Return each of the entries below precisely as it appears.

→ **Material for the task**
Start of Block
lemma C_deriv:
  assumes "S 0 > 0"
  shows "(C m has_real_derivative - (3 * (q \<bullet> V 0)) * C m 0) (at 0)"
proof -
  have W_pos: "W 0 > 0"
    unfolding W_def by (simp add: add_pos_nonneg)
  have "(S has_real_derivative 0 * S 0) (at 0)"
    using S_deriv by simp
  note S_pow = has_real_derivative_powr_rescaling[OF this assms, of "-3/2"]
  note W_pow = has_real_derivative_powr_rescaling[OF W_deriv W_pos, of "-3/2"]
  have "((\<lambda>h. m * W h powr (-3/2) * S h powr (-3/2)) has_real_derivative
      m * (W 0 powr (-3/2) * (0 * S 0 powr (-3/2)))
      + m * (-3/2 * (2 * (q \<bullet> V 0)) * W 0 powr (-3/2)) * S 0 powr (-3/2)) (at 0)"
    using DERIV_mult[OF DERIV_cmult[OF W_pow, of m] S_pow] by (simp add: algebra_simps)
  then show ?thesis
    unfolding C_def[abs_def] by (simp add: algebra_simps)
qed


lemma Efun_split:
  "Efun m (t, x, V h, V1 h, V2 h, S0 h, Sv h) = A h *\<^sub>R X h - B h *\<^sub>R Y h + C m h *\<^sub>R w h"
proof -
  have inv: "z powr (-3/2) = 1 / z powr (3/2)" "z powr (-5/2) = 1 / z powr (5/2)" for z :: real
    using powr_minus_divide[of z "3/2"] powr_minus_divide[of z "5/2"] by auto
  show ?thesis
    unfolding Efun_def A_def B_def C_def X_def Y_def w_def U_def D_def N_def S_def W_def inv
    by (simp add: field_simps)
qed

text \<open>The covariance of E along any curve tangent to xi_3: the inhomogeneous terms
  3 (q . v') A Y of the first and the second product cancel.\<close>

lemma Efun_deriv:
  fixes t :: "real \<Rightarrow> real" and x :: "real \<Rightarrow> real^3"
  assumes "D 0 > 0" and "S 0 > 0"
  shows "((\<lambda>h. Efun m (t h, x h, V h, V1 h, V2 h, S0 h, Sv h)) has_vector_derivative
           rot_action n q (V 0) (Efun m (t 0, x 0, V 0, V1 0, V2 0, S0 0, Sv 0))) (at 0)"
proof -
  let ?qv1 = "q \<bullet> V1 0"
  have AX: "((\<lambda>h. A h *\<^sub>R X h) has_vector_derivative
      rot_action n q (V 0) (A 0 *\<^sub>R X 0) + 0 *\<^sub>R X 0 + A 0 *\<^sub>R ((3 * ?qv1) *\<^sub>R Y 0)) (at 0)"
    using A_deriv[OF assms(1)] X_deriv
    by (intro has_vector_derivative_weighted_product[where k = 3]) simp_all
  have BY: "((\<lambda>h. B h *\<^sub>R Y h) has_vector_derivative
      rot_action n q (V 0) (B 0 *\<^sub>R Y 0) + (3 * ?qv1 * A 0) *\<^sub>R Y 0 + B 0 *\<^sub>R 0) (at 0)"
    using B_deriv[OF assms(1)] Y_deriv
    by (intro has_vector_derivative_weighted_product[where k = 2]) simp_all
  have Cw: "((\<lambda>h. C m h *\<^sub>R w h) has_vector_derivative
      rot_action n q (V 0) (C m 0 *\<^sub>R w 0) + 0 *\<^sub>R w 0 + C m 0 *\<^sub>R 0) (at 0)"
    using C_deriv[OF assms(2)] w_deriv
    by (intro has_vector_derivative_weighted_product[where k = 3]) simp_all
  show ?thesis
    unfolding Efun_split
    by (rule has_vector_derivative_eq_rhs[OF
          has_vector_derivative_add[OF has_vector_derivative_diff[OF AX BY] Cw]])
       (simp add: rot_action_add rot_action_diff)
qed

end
End of Block
→ **Answer to this exercise**
lemma C_deriv:
  assumes "S 0 > 0"
  shows "(C m has_real_derivative - (3 * (q \<bullet> V 0)) * C m 0) (at 0)"
proof -
  have W_pos: "W 0 > 0"
    unfolding W_def by (simp add: add_pos_nonneg)
  have "(S has_real_derivative 0 * S 0) (at 0)"
    using S_deriv by simp
  note S_pow = has_real_derivative_powr_rescaling[OF this assms, of "-3/2"]
  note W_pow = has_real_derivative_powr_rescaling[OF W_deriv W_pos, of "-3/2"]
  have "((\<lambda>h. m * W h powr (-3/2) * S h powr (-3/2)) has_real_derivative
      m * (W 0 powr (-3/2) * (0 * S 0 powr (-3/2)))
      + m * (-3/2 * (2 * (q \<bullet> V 0)) * W 0 powr (-3/2)) * S 0 powr (-3/2)) (at 0)"
    using DERIV_mult[OF DERIV_cmult[OF W_pow, of m] S_pow] by (simp add: algebra_simps)
  then show ?thesis
    unfolding C_def[abs_def] by (simp add: algebra_simps)
qed


lemma Efun_split:
  "Efun m (t, x, V h, V1 h, V2 h, S0 h, Sv h) = A h *\<^sub>R X h - B h *\<^sub>R Y h + C m h *\<^sub>R w h"
proof -
  have inv: "z powr (-3/2) = 1 / z powr (3/2)" "z powr (-5/2) = 1 / z powr (5/2)" for z :: real
    using powr_minus_divide[of z "3/2"] powr_minus_divide[of z "5/2"] by auto
  show ?thesis
    unfolding Efun_def A_def B_def C_def X_def Y_def w_def U_def D_def N_def S_def W_def inv
    by (simp add: field_simps)
qed

text \<open>The covariance of E along any curve tangent to xi_3: the inhomogeneous terms
  3 (q . v') A Y of the first and the second product cancel.\<close>

lemma Efun_deriv:
  fixes t :: "real \<Rightarrow> real" and x :: "real \<Rightarrow> real^3"
  assumes "D 0 > 0" and "S 0 > 0"
  shows "((\<lambda>h. Efun m (t h, x h, V h, V1 h, V2 h, S0 h, Sv h)) has_vector_derivative
           rot_action n q (V 0) (Efun m (t 0, x 0, V 0, V1 0, V2 0, S0 0, Sv 0))) (at 0)"
proof -
  let ?qv1 = "q \<bullet> V1 0"
  have AX: "((\<lambda>h. A h *\<^sub>R X h) has_vector_derivative
      rot_action n q (V 0) (A 0 *\<^sub>R X 0) + 0 *\<^sub>R X 0 + A 0 *\<^sub>R ((3 * ?qv1) *\<^sub>R Y 0)) (at 0)"
    using A_deriv[OF assms(1)] X_deriv
    by (intro has_vector_derivative_weighted_product[where k = 3]) simp_all
  have BY: "((\<lambda>h. B h *\<^sub>R Y h) has_vector_derivative
      rot_action n q (V 0) (B 0 *\<^sub>R Y 0) + (3 * ?qv1 * A 0) *\<^sub>R Y 0 + B 0 *\<^sub>R 0) (at 0)"
    using B_deriv[OF assms(1)] Y_deriv
    by (intro has_vector_derivative_weighted_product[where k = 2]) simp_all
  have Cw: "((\<lambda>h. C m h *\<^sub>R w h) has_vector_derivative
      rot_action n q (V 0) (C m 0 *\<^sub>R w 0) + 0 *\<^sub>R w 0 + C m 0 *\<^sub>R 0) (at 0)"
    using C_deriv[OF assms(2)] w_deriv
    by (intro has_vector_derivative_weighted_product[where k = 3]) simp_all
  show ?thesis
    unfolding Efun_split
    by (rule has_vector_derivative_eq_rhs[OF
          has_vector_derivative_add[OF has_vector_derivative_diff[OF AX BY] Cw]])
       (simp add: rot_action_add rot_action_diff)
qed

end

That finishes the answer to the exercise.